Barclay further alleged that Ports, the STA, and the ILA “breached their duty to the general public not to allow and/or encourage their employees to work in excess of a reasonable number of hours beyond the normal human tolerance.” The complaint averred that the three institutional defendants “engaged in a habitual and customary practice of allowing, requiring and/or encouraging their employees to work in excess of a reasonable number of hours for a mature adult human being.” Specifically, Barclay alleged that those defendants “were negligent in that they permitted and encouraged the Defendant, [Richardson], Deceased, to work twenty-two hours beginning sometime on January 15, 2006,” 6 and that those defendants “knew or should have known that [Richardson], Deceased would have operated his vehicle when leaving the workplace.”

Briscoe filed cross-claims against Ports, the STA, and the ILA, claiming that Barclay's injuries and damages were solely caused by their “negligence and want of care.”

Barclay voluntarily dismissed the ILA as a defendant on August 1, 2008. 7

On February 2, 2009, Ports filed a motion for summary judgment on Barclay's direct claims and Briscoe's cross-claims. Ports argued that it was not vicariously liable because Richardson was driving his personal vehicle outside the scope of his employment. Ports further argued that it did not owe the direct duty to the general public alleged in Barclay's complaint.

After a hearing on the matter, the court granted the motion on November 10, 2009. The court explained its ruling in a memorandum opinion determining that Ports is not vicariously liable according to the “going and coming” rule of respondeat superior. The court further ruled that because actors in Maryland have “no duty to protect another unless a special relationship ... exists,” Ports owed no duty to Barclay as alleged in his complaint.

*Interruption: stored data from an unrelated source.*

(* Let $X\subset\mathbb{R}^n$ be a closed set which is the closure of its interior, let $f:X\to\mathbb{R}^n$ be locally Lipschitz, and consider $\dot x=f(x)$ with flow $\varphi_t$, assumed forward complete: for each $\xi\in X$ the solution $\varphi_t(\xi)$ is uniquely maximally defined (in $X$) on an interval $I_\xi\subset\mathbb{R}$ containing $[0,+\infty)$ in its interior. Let $K\subset\mathbb{R}^n$ be a closed convex cone with nonempty interior, and suppose the system is strongly monotone: for all $\xi_1,\xi_2\in X$, $\xi_1\succ\xi_2$ implies $\varphi_t(\xi_1)\gg\varphi_t(\xi_2)$ for all $t>0$. Suppose there is $v\in\operatorname{int}(K)$ with $|v|=1$ such that $X$ is invariant under translation by $v$ (i.e. $x\in X\Rightarrow x+\lambda v\in X$ for all $\lambda\in\mathbb{R}$) and the flow is translation invariant: $\varphi_t(\xi+\lambda v)=\varphi_t(\xi)+\lambda v$ for all $\lambda\in\mathbb{R}$, all $\xi\in X$ and all $t$ at which $\varphi_t(\xi)$ is defined. Let $\pi_v(x)=x-(v'x)v$. Then for every $\xi\in X$ such that $t\mapsto\pi_v(\varphi_t(\xi))$ is bounded on $[0,\infty)$, $\pi_v(\varphi_t(\xi))$ converges as $t\to+\infty$ to an equilibrium of the projected system $\dot{\tilde x}=(I-vv')f(\tilde x)$ on $\tilde X=X\cap v^{\perp}$. Moreover, this equilibrium is unique: the projected system has no other equilibrium.
   Context: The cone $K$ satisfies $K+K\subset K$, $\alpha K\subset K$ for $\alpha\ge 0$, $K\cap(-K)=\{0\}$. Orders: $\xi_1\succeq\xi_2$ iff $\xi_1-\xi_2\in K$; $\xi_1\succ\xi_2$ iff $\xi_1\succeq\xi_2$ and $\xi_1\ne\xi_2$; $\xi_1\gg\xi_2$ iff $\xi_1-\xi_2\in\operatorname{int}(K)$. Prime denotes transpose; $\pi_v$ is the orthogonal projection onto $v^\perp$. *)

theory Defs
  imports "HOL-Analysis.Analysis"
begin

definition cone_ge :: "('a::real_vector) set \<Rightarrow> 'a \<Rightarrow> 'a \<Rightarrow> bool" where
  "cone_ge K a b \<longleftrightarrow> a - b \<in> K"

definition cone_gt :: "('a::real_vector) set \<Rightarrow> 'a \<Rightarrow> 'a \<Rightarrow> bool" where
  "cone_gt K a b \<longleftrightarrow> cone_ge K a b \<and> a \<noteq> b"

definition cone_gg :: "('a::real_normed_vector) set \<Rightarrow> 'a \<Rightarrow> 'a \<Rightarrow> bool" where
  "cone_gg K a b \<longleftrightarrow> a - b \<in> interior K"

definition pointed_cone :: "('a::real_vector) set \<Rightarrow> bool" where
  "pointed_cone K \<longleftrightarrow> (\<forall>a\<in>K. \<forall>b\<in>K. a + b \<in> K) \<and> (\<forall>a\<in>K. \<forall>\<alpha>::real. \<alpha> \<ge> 0 \<longrightarrow> \<alpha> *\<^sub>R a \<in> K)
     \<and> K \<inter> uminus ` K = {0}"

definition proj_perp :: "'a::real_inner \<Rightarrow> 'a \<Rightarrow> 'a" where
  "proj_perp v x = x - (v \<bullet> x) *\<^sub>R v"

definition is_solution :: "'a::real_normed_vector set \<Rightarrow> ('a \<Rightarrow> 'a) \<Rightarrow> real set \<Rightarrow> (real \<Rightarrow> 'a) \<Rightarrow> bool" where
  "is_solution X f J y \<longleftrightarrow> is_interval J \<and>
     (\<forall>t\<in>J. y t \<in> X \<and> (y has_vector_derivative f (y t)) (at t within J))"

definition is_max_flow :: "'a::real_normed_vector set \<Rightarrow> ('a \<Rightarrow> 'a) \<Rightarrow> ('a \<Rightarrow> real set) \<Rightarrow> (real \<Rightarrow> 'a \<Rightarrow> 'a) \<Rightarrow> bool" where
  "is_max_flow X f I phi \<longleftrightarrow> (\<forall>\<xi>\<in>X. 0 \<in> I \<xi> \<and> phi 0 \<xi> = \<xi> \<and> is_solution X f (I \<xi>) (\<lambda>t. phi t \<xi>) \<and>
     (\<forall>J y. 0 \<in> J \<and> y 0 = \<xi> \<and> is_solution X f J y \<longrightarrow> J \<subseteq> I \<xi> \<and> (\<forall>t\<in>J. y t = phi t \<xi>)))"

end

theory Submission
  imports Defs
begin

text \<open>
  Measure differences by the gauge of the cone relative to v,
  gauge z = min {l. z \<preceq> l v}, and by osc z = gauge z + gauge (- z), a seminorm whose
  kernel is the line through v and which bounds the norm of proj_perp v z up to a factor.
  Strong monotonicity and translation invariance make the flow nonexpansive for osc,
  and strictly contracting for pairs of points that do not differ by a multiple of v.

  Fix h \<ge> 0. The displacement V z = osc (phi h z - z) is nonincreasing along orbits and
  2-Lipschitz for osc. Along the orbit of \<xi> it converges, so it has the same value at a
  limit point q of the (bounded) projected orbit and at phi 1 q; strict contraction then
  forces V q = 0. Hence the orbit of q only drifts along v, which says that q is an
  equilibrium of the projected system, and since osc (phi t \<xi> - q) is nonincreasing in t
  and tends to 0 along a subsequence, proj_perp v (phi t \<xi>) converges to q. Two such
  equilibria keep their osc-distance under the flow, so by strict contraction they differ
  by a multiple of v, and they coincide if both are orthogonal to v.
\<close>

lemma tendsto_by_abs_bound:
  fixes a e :: "'b \<Rightarrow> real"
  assumes "\<And>x. \<bar>a x - b\<bar> \<le> e x" and "(e \<longlongrightarrow> 0) F"
  shows "(a \<longlongrightarrow> b) F"
proof -
  have "\<forall>x. norm (a x - b) \<le> e x"
    using assms(1) by simp
  then have "((\<lambda>x. a x - b) \<longlongrightarrow> 0) F"
    using assms(2) by (rule Lim_null_comparison[OF always_eventually])
  then show ?thesis
    by (rule LIM_zero_cancel)
qed

lemma proj_perp_diff: "proj_perp v (x - y) = proj_perp v x - proj_perp v y"
  unfolding proj_perp_def by (simp add: inner_diff_right algebra_simps)

lemma proj_perp_orthogonal: "v \<bullet> x = 0 \<Longrightarrow> proj_perp v x = x"
  unfolding proj_perp_def by simp

context
  fixes v :: "'a::real_inner"
  assumes unit_v: "norm v = 1"
begin

lemma inner_proj_perp: "v \<bullet> proj_perp v x = 0"
  using unit_v unfolding proj_perp_def by (simp add: inner_diff_right norm_eq_1)

lemma proj_perp_add_scaleR: "proj_perp v (x + c *\<^sub>R v) = proj_perp v x"
  using unit_v unfolding proj_perp_def by (simp add: inner_add_right norm_eq_1 algebra_simps)

lemma norm_proj_perp_le: "norm (proj_perp v x) \<le> norm x"
proof -
  define p where "p = proj_perp v x"
  have "orthogonal p ((v \<bullet> x) *\<^sub>R v)"
    using inner_proj_perp[of x] by (simp add: p_def orthogonal_def inner_commute)
  then have "(norm (p + (v \<bullet> x) *\<^sub>R v))\<^sup>2 = (norm p)\<^sup>2 + (norm ((v \<bullet> x) *\<^sub>R v))\<^sup>2"
    by (rule norm_add_Pythagorean)
  moreover have "p + (v \<bullet> x) *\<^sub>R v = x"
    unfolding p_def proj_perp_def by simp
  ultimately have "(norm p)\<^sup>2 \<le> (norm x)\<^sup>2"
    by simp
  then show ?thesis
    unfolding p_def by (rule power2_le_imp_le) simp
qed

end

locale cone_gauge =
  fixes K :: "'a::euclidean_space set" and v :: 'a
  assumes closed_K: "closed K" and pointed_K: "pointed_cone K"
    and v_interior: "v \<in> interior K" and unit_v: "norm v = 1"
begin

lemma cone_add: "a \<in> K \<Longrightarrow> b \<in> K \<Longrightarrow> a + b \<in> K"
  using pointed_K unfolding pointed_cone_def by blast

lemma cone_scaleR: "a \<in> K \<Longrightarrow> 0 \<le> c \<Longrightarrow> c *\<^sub>R a \<in> K"
  using pointed_K unfolding pointed_cone_def by blast

lemma cone_antisym: "a \<in> K \<Longrightarrow> - a \<in> K \<Longrightarrow> a = 0"
  using pointed_K unfolding pointed_cone_def by (metis IntI image_eqI minus_minus singletonD)

lemma zero_in_cone: "0 \<in> K"
  using pointed_K unfolding pointed_cone_def by blast

lemma v_in_cone: "v \<in> K"
  using v_interior interior_subset by blast

lemma inner_v_v: "v \<bullet> v = 1"
  using unit_v by (simp add: norm_eq_1)

lemma scaleR_v_in_coneD: "c *\<^sub>R v \<in> K \<Longrightarrow> 0 \<le> c"
proof (rule ccontr)
  assume cv: "c *\<^sub>R v \<in> K" and neg: "\<not> 0 \<le> c"
  have "(- 1 / c) *\<^sub>R (c *\<^sub>R v) \<in> K"
    by (rule cone_scaleR[OF cv]) (use neg in simp)
  then have "- v \<in> K"
    using neg by simp
  then show False
    using cone_antisym v_in_cone unit_v by force
qed

lemma order_unit: "\<exists>R. \<forall>z. (R * norm z) *\<^sub>R v + z \<in> K"
proof -
  obtain e where e: "e > 0" "ball v e \<subseteq> K"
    using v_interior mem_interior by blast
  have "(2 / e * norm z) *\<^sub>R v + z \<in> K" for z
  proof (cases "z = 0")
    case True
    then show ?thesis using zero_in_cone by simp
  next
    case False
    then have "v + (e / 2 / norm z) *\<^sub>R z \<in> ball v e"
      using e by (simp add: dist_norm)
    then have "(2 / e * norm z) *\<^sub>R (v + (e / 2 / norm z) *\<^sub>R z) \<in> K"
      using e by (intro cone_scaleR) auto
    then show ?thesis
      using e False by (simp add: algebra_simps)
  qed
  then show ?thesis
    by blast
qed

text \<open>For the nonnegative orthant and v = (1, \<dots>, 1) / sqrt n these are
  sqrt n * max z and sqrt n * (max z - min z), extrema taken over the coordinates of z.\<close>

definition gauge :: "'a \<Rightarrow> real" where
  "gauge z = Inf {l. l *\<^sub>R v - z \<in> K}"

definition osc :: "'a \<Rightarrow> real" where
  "osc z = gauge z + gauge (- z)"

lemma gauge_set_nonempty: "\<exists>l. l *\<^sub>R v - z \<in> K"
proof -
  obtain R where R: "\<And>z. (R * norm z) *\<^sub>R v + z \<in> K"
    using order_unit by blast
  have "(R * norm z) *\<^sub>R v - z \<in> K"
    using R[of "- z"] by simp
  then show ?thesis ..
qed

lemma bdd_below_gauge_set: "bdd_below {l. l *\<^sub>R v - z \<in> K}"
proof -
  obtain R where R: "\<And>z. (R * norm z) *\<^sub>R v + z \<in> K"
    using order_unit by blast
  have "- (R * norm z) \<le> l" if "l *\<^sub>R v - z \<in> K" for l
  proof -
    have "(l *\<^sub>R v - z) + ((R * norm z) *\<^sub>R v + z) \<in> K"
      using that R cone_add by blast
    then have "(l + R * norm z) *\<^sub>R v \<in> K"
      by (simp add: algebra_simps)
    then show ?thesis
      using scaleR_v_in_coneD by fastforce
  qed
  then show ?thesis
    by (intro bdd_belowI) blast
qed

lemma gauge_le: "l *\<^sub>R v - z \<in> K \<Longrightarrow> gauge z \<le> l"
  unfolding gauge_def
  by (rule cInf_lower) (simp_all add: bdd_below_gauge_set)

lemma gauge_attained: "gauge z *\<^sub>R v - z \<in> K"
proof -
  have "closed ((\<lambda>l. l *\<^sub>R v - z) -` K)"
    by (intro continuous_closed_vimage closed_K continuous_intros)
  then have "gauge z \<in> {l. l *\<^sub>R v - z \<in> K}"
    unfolding gauge_def vimage_def
    by (rule closed_contains_Inf[rotated 2])
       (use gauge_set_nonempty[of z] bdd_below_gauge_set[of z] in \<open>auto simp: vimage_def\<close>)
  then show ?thesis
    by simp
qed

lemma gauge_less: "l *\<^sub>R v - z \<in> interior K \<Longrightarrow> gauge z < l"
proof -
  assume "l *\<^sub>R v - z \<in> interior K"
  then obtain e where "e > 0" "ball (l *\<^sub>R v - z) e \<subseteq> K"
    using mem_interior by blast
  moreover have "(l - e / 2) *\<^sub>R v - z \<in> ball (l *\<^sub>R v - z) e"
    using \<open>e > 0\<close> unit_v by (simp add: dist_norm algebra_simps)
  ultimately have "gauge z \<le> l - e / 2"
    by (intro gauge_le) blast
  then show ?thesis
    using \<open>e > 0\<close> by simp
qed

lemma gauge_add_scaleR_v: "gauge (z + c *\<^sub>R v) = gauge z + c"
proof (rule antisym)
  show "gauge (z + c *\<^sub>R v) \<le> gauge z + c"
    using gauge_attained[of z] by (intro gauge_le) (simp add: algebra_simps)
  have "gauge z \<le> gauge (z + c *\<^sub>R v) - c"
    using gauge_attained[of "z + c *\<^sub>R v"] by (intro gauge_le) (simp add: algebra_simps)
  then show "gauge z + c \<le> gauge (z + c *\<^sub>R v)"
    by simp
qed

lemma gauge_zero: "gauge 0 = 0"
proof (rule antisym)
  show "gauge 0 \<le> 0"
    using zero_in_cone by (intro gauge_le) simp
  show "0 \<le> gauge 0"
    using gauge_attained[of 0] scaleR_v_in_coneD by simp
qed

lemma gauge_scaleR_v: "gauge (c *\<^sub>R v) = c"
  using gauge_add_scaleR_v[of 0 c] gauge_zero by simp

lemma gauge_add_le: "gauge (z + w) \<le> gauge z + gauge w"
proof (rule gauge_le)
  have "(gauge z *\<^sub>R v - z) + (gauge w *\<^sub>R v - w) \<in> K"
    using gauge_attained cone_add by blast
  then show "(gauge z + gauge w) *\<^sub>R v - (z + w) \<in> K"
    by (simp add: algebra_simps)
qed

lemma osc_nonneg: "0 \<le> osc z"
  using gauge_add_le[of z "- z"] gauge_zero unfolding osc_def by simp

lemma osc_uminus: "osc (- z) = osc z"
  unfolding osc_def by simp

lemma osc_diff_commute: "osc (a - b) = osc (b - a)"
  using osc_uminus[of "a - b"] by simp

lemma osc_add_le: "osc (z + w) \<le> osc z + osc w"
  using gauge_add_le[of z w] gauge_add_le[of "- z" "- w"] unfolding osc_def by simp

lemma osc_add_scaleR_v: "osc (z + c *\<^sub>R v) = osc z"
  using gauge_add_scaleR_v[of z c] gauge_add_scaleR_v[of "- z" "- c"]
  unfolding osc_def by (simp add: algebra_simps)

lemma osc_eq_0_iff: "osc z = 0 \<longleftrightarrow> (\<exists>c. z = c *\<^sub>R v)"
proof
  assume "osc z = 0"
  then have "gauge (- z) = - gauge z"
    unfolding osc_def by simp
  then have "- (gauge z *\<^sub>R v - z) \<in> K"
    using gauge_attained[of "- z"] by simp
  then have "gauge z *\<^sub>R v - z = 0"
    using cone_antisym gauge_attained by blast
  then show "\<exists>c. z = c *\<^sub>R v"
    by (intro exI[of _ "gauge z"]) simp
next
  assume "\<exists>c. z = c *\<^sub>R v"
  then obtain c where "z = c *\<^sub>R v" ..
  then show "osc z = 0"
    using gauge_scaleR_v[of c] gauge_scaleR_v[of "- c"] unfolding osc_def by simp
qed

The court stayed proceedings between Barclay and Briscoe and, pursuant to Maryland Rule 2–602, entered final judgments against them and in favor of Ports on December 22, 2009; 8 appellants then filed timely notices of appeal.

Discussion
Standard of Review

Summary judgment is proper where the motion and response show that there is no genuine dispute as to any material fact and that the party in whose favor judgment is entered is entitled to judgment as a matter of law. Md. Rule...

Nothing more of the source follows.